## Material supplied
(* Let $n\ge3$ and $G=C_n\Box P_2$ (the $n$-prism, with $2n$ vertices). Then $$3+\sqrt{3(2n-1)(2n-3)}\ >\ E(G)=QE(G)\ \ge\ \begin{cases}2n & \text{if } n\equiv0\pmod3,\\[4pt] 6n\cdot\dfrac{\sqrt{2\cos\big(\frac{2\pi\lfloor n/6\rfloor}{n}\big)-1}}{1+\cos\big(\frac{2\pi\lfloor n/6\rfloor}{n}\big)} & \text{if } n\equiv1\text{ or }2\pmod 6,\\[10pt] 6n\cdot\dfrac{\sqrt{1-2\cos\big(\frac{2\pi\lceil n/6\rceil}{n}\big)}}{2-\cos\big(\frac{2\pi\lceil n/6\rceil}{n}\big)} & \text{if } n\equiv4\text{ or }5\pmod6,\end{cases}$$ and equality holds in the right-hand (lower) inequality if and only if $n=4$, i.e. $G=C_4\Box P_2$.
   Context: All graphs are finite, simple and undirected. $C_n$ is the cycle on $n$ vertices, $P_2=K_2$, and $\Box$ is the Cartesian product of graphs. For a graph $G$ with $N$ vertices and $m$ edges, let $q_1\ge\cdots\ge q_N\ge0$ be the eigenvalues of the signless Laplacian $Q(G)=D(G)+A(G)$ (degree diagonal matrix plus adjacency matrix). The signless Laplacian energy is $QE(G)=\sum_{i=1}^N|q_i-\frac{2m}{N}|$, and the energy is $E(G)=\sum_i|\lambda_i|$ over the eigenvalues $\lambda_i$ of the adjacency matrix. *)

theory Defs
  imports "Jordan_Normal_Form.Char_Poly" "HOL-Library.Multiset"
begin

text \<open>A finite simple graph on the vertex set {0..<N} is given by an edge relation
  E (assumed symmetric and irreflexive where relevant).\<close>

definition adj_mat :: "nat \<Rightarrow> (nat \<Rightarrow> nat \<Rightarrow> bool) \<Rightarrow> real mat" where
  "adj_mat N E = mat N N (\<lambda>(i,j). if E i j then 1 else 0)"

definition vdeg :: "nat \<Rightarrow> (nat \<Rightarrow> nat \<Rightarrow> bool) \<Rightarrow> nat \<Rightarrow> nat" where
  "vdeg N E i = card {j. j < N \<and> E i j}"

definition deg_mat :: "nat \<Rightarrow> (nat \<Rightarrow> nat \<Rightarrow> bool) \<Rightarrow> real mat" where
  "deg_mat N E = mat N N (\<lambda>(i,j). if i = j then real (vdeg N E i) else 0)"

definition signless_laplacian :: "nat \<Rightarrow> (nat \<Rightarrow> nat \<Rightarrow> bool) \<Rightarrow> real mat" where
  "signless_laplacian N E = deg_mat N E + adj_mat N E"

definition num_edges :: "nat \<Rightarrow> (nat \<Rightarrow> nat \<Rightarrow> bool) \<Rightarrow> nat" where
  "num_edges N E = card {(i,j). i < j \<and> j < N \<and> E i j}"

definition eigvals :: "real mat \<Rightarrow> complex multiset" where
  "eigvals A = (SOME M. char_poly (map_mat complex_of_real A) = (\<Prod>a\<in>#M. [:- a, 1:]))"

definition graph_energy :: "nat \<Rightarrow> (nat \<Rightarrow> nat \<Rightarrow> bool) \<Rightarrow> real" where
  "graph_energy N E = (\<Sum>\<^sub># (image_mset cmod (eigvals (adj_mat N E))))"

definition signless_laplacian_energy :: "nat \<Rightarrow> (nat \<Rightarrow> nat \<Rightarrow> bool) \<Rightarrow> real" where
  "signless_laplacian_energy N E =
     (\<Sum>\<^sub># (image_mset (\<lambda>q. cmod (q - complex_of_real (2 * real (num_edges N E) / real N)))
        (eigvals (signless_laplacian N E))))"

text \<open>The prism C_n \<box> P_2 on vertices {0..<2n}: vertex k corresponds to
  (k mod n, k div n) \<in> Z_n \<times> {0,1}.\<close>
definition prism_edge :: "nat \<Rightarrow> nat \<Rightarrow> nat \<Rightarrow> bool" where
  "prism_edge n k l \<longleftrightarrow>
     (k div n = l div n \<and> ((k mod n + 1) mod n = l mod n \<or> (l mod n + 1) mod n = k mod n))
     \<or> (k mod n = l mod n \<and> k div n \<noteq> l div n)"

end

(*
  The prism is the Cartesian product of C_n and K_2, so its adjacency matrix is diagonalised by
  the Kronecker product of the Fourier matrix of C_n and the Hadamard matrix of K_2; the
  eigenvalues are 2 cos (2 pi j / n) + 1 and 2 cos (2 pi j / n) - 1 for j < n.  The prism is
  3-regular with 3n edges, so Q = A + 3 I and 2m/N = 3, whence QE = E.

  The squared eigenvalues sum to 2m = 6n and one eigenvalue is 3; the strict Cauchy-Schwarz
  inequality for the other 2n - 1 gives the upper bound.  For the lower bound, the pair belonging
  to j contributes |2c + 1| + |2c - 1| >= 2, with 4 at c = 1 and, for even n, at c = -1, so
  E >= 2n + 2 (+ 2 if n is even).  The stated bound lies strictly below this except at n = 4,
  where both equal 12.
*)

theory Submission
  imports Defs "HOL-Analysis.Complex_Transcendental"
begin

lemma proots_prod_mset_linear: "proots (\<Prod>a\<in>#X. [:- a, 1:]) = (X :: complex multiset)"
proof (induction X)
  case (add x X)
  have "(\<Prod>a\<in>#X. [:- a, 1:]) \<noteq> (0::complex poly)"
    by (auto simp: prod_mset_zero_iff)
  then have "proots ([:- x, 1:] * (\<Prod>a\<in>#X. [:- a, 1:]))
      = proots [:- x, 1:] + proots (\<Prod>a\<in>#X. [:- a, 1:])"
    by (intro proots_mult) simp_all
  then show ?case
    using add proots_linear_factor[of "- x"] by simp
qed simp

lemma eigvals_eqI:
  assumes "char_poly (map_mat complex_of_real A) = (\<Prod>a\<in>#X. [:- a, 1:])"
  shows "eigvals A = X"
proof -
  have "char_poly (map_mat complex_of_real A) = (\<Prod>a\<in>#eigvals A. [:- a, 1:])"
    unfolding eigvals_def by (rule someI[of _ X]) (fact assms)
  then show ?thesis
    using assms proots_prod_mset_linear by metis
qed

lemma char_poly_if_diagonalized:
  fixes M P Q :: "'a :: field mat" and ev :: "nat \<Rightarrow> 'a"
  assumes M: "M \<in> carrier_mat N N" and P: "P \<in> carrier_mat N N" and Q: "Q \<in> carrier_mat N N"
    and PQ: "P * Q = 1\<^sub>m N"
    and MP: "M * P = P * Matrix.mat N N (\<lambda>(i,j). if i = j then ev i else 0)"
  shows "char_poly M = (\<Prod>a\<in># mset (map ev [0..<N]). [:- a, 1:])"
proof -
  define D where "D = Matrix.mat N N (\<lambda>(i,j). if i = j then ev i else 0)"
  have D: "D \<in> carrier_mat N N" unfolding D_def by simp
  have "M = (M * P) * Q" using M P Q PQ by (simp add: assoc_mult_mat)
  then have "M = P * D * Q" using MP unfolding D_def by simp
  then have "similar_mat M D"
    using M D P Q PQ mat_mult_left_right_inverse[OF P Q PQ] by (intro similar_matI[of M D P Q N]) auto
  then have "char_poly M = char_poly D" by (rule char_poly_similar)
  also have "\<dots> = (\<Prod>a \<leftarrow> diag_mat D. [:- a, 1:])"
    by (rule char_poly_upper_triangular[OF D]) (auto simp: upper_triangular_def D_def)
  also have "diag_mat D = map ev [0..<N]"
    unfolding diag_mat_def D_def by (simp add: list_eq_iff_nth_eq)
  finally show ?thesis by (simp only: mset_map[symmetric] prod_mset_prod_list map_map)
qed

definition prism_succ :: "nat \<Rightarrow> nat \<Rightarrow> nat" where
  "prism_succ n r = (r div n) * n + (r mod n + 1) mod n"

definition prism_pred :: "nat \<Rightarrow> nat \<Rightarrow> nat" where
  "prism_pred n r = (r div n) * n + (r mod n + n - 1) mod n"

definition prism_opp :: "nat \<Rightarrow> nat \<Rightarrow> nat" where
  "prism_opp n r = (1 - r div n) * n + r mod n"

lemma prism_neighbour_div_mod:
  assumes "0 < n"
  shows "prism_succ n r div n = r div n" "prism_succ n r mod n = (r mod n + 1) mod n"
    "prism_pred n r div n = r div n" "prism_pred n r mod n = (r mod n + n - 1) mod n"
    "prism_opp n r div n = 1 - r div n" "prism_opp n r mod n = r mod n"
  using assms by (simp_all add: prism_succ_def prism_pred_def prism_opp_def)

lemma add_one_mod_eq_if:
  fixes e n :: nat
  shows "e < n \<Longrightarrow> (e + 1) mod n = (if e + 1 = n then 0 else e + 1)"
  by auto

lemma add_pred_mod_eq_if:
  fixes a n :: nat
  assumes "a < n"
  shows "(a + n - 1) mod n = (if a = 0 then n - 1 else a - 1)"
proof (cases "a = 0")
  case False
  then have "a + n - 1 = (a - 1) + n" by simp
  then show ?thesis using assms False by (metis mod_add_self2 mod_less less_imp_diff_less)
qed (use assms in simp)

lemma add_one_mod_eq_iff:
  fixes a e n :: nat
  assumes "a < n" "e < n"
  shows "(e + 1) mod n = a \<longleftrightarrow> e = (a + n - 1) mod n"
  unfolding add_one_mod_eq_if[OF assms(2)] add_pred_mod_eq_if[OF assms(1)] using assms by auto

lemma add_one_mod_neq_pred_mod:
  fixes a n :: nat
  assumes "3 \<le> n" "a < n"
  shows "(a + 1) mod n \<noteq> (a + n - 1) mod n"
  unfolding add_one_mod_eq_if[OF assms(2)] add_pred_mod_eq_if[OF assms(2)] using assms by auto

lemma less_2_eq_1_minus_iff:
  fixes x y :: nat
  shows "x < 2 \<Longrightarrow> y < 2 \<Longrightarrow> y = 1 - x \<longleftrightarrow> y \<noteq> x"
  by arith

## What is needed
After locating the line with "a, 1:]) \<noteq>" in the material above, return it and each line after it exactly, ending at the line with "fixes M P Q".

## Answer area
  have "(\<Prod>a\<in>#X. [:- a, 1:]) \<noteq> (0::complex poly)"
    by (auto simp: prod_mset_zero_iff)
  then have "proots ([:- x, 1:] * (\<Prod>a\<in>#X. [:- a, 1:]))
      = proots [:- x, 1:] + proots (\<Prod>a\<in>#X. [:- a, 1:])"
    by (intro proots_mult) simp_all
  then show ?case
    using add proots_linear_factor[of "- x"] by simp
qed simp

lemma eigvals_eqI:
  assumes "char_poly (map_mat complex_of_real A) = (\<Prod>a\<in>#X. [:- a, 1:])"
  shows "eigvals A = X"
proof -
  have "char_poly (map_mat complex_of_real A) = (\<Prod>a\<in>#eigvals A. [:- a, 1:])"
    unfolding eigvals_def by (rule someI[of _ X]) (fact assms)
  then show ?thesis
    using assms proots_prod_mset_linear by metis
qed

lemma char_poly_if_diagonalized:
  fixes M P Q :: "'a :: field mat" and ev :: "nat \<Rightarrow> 'a"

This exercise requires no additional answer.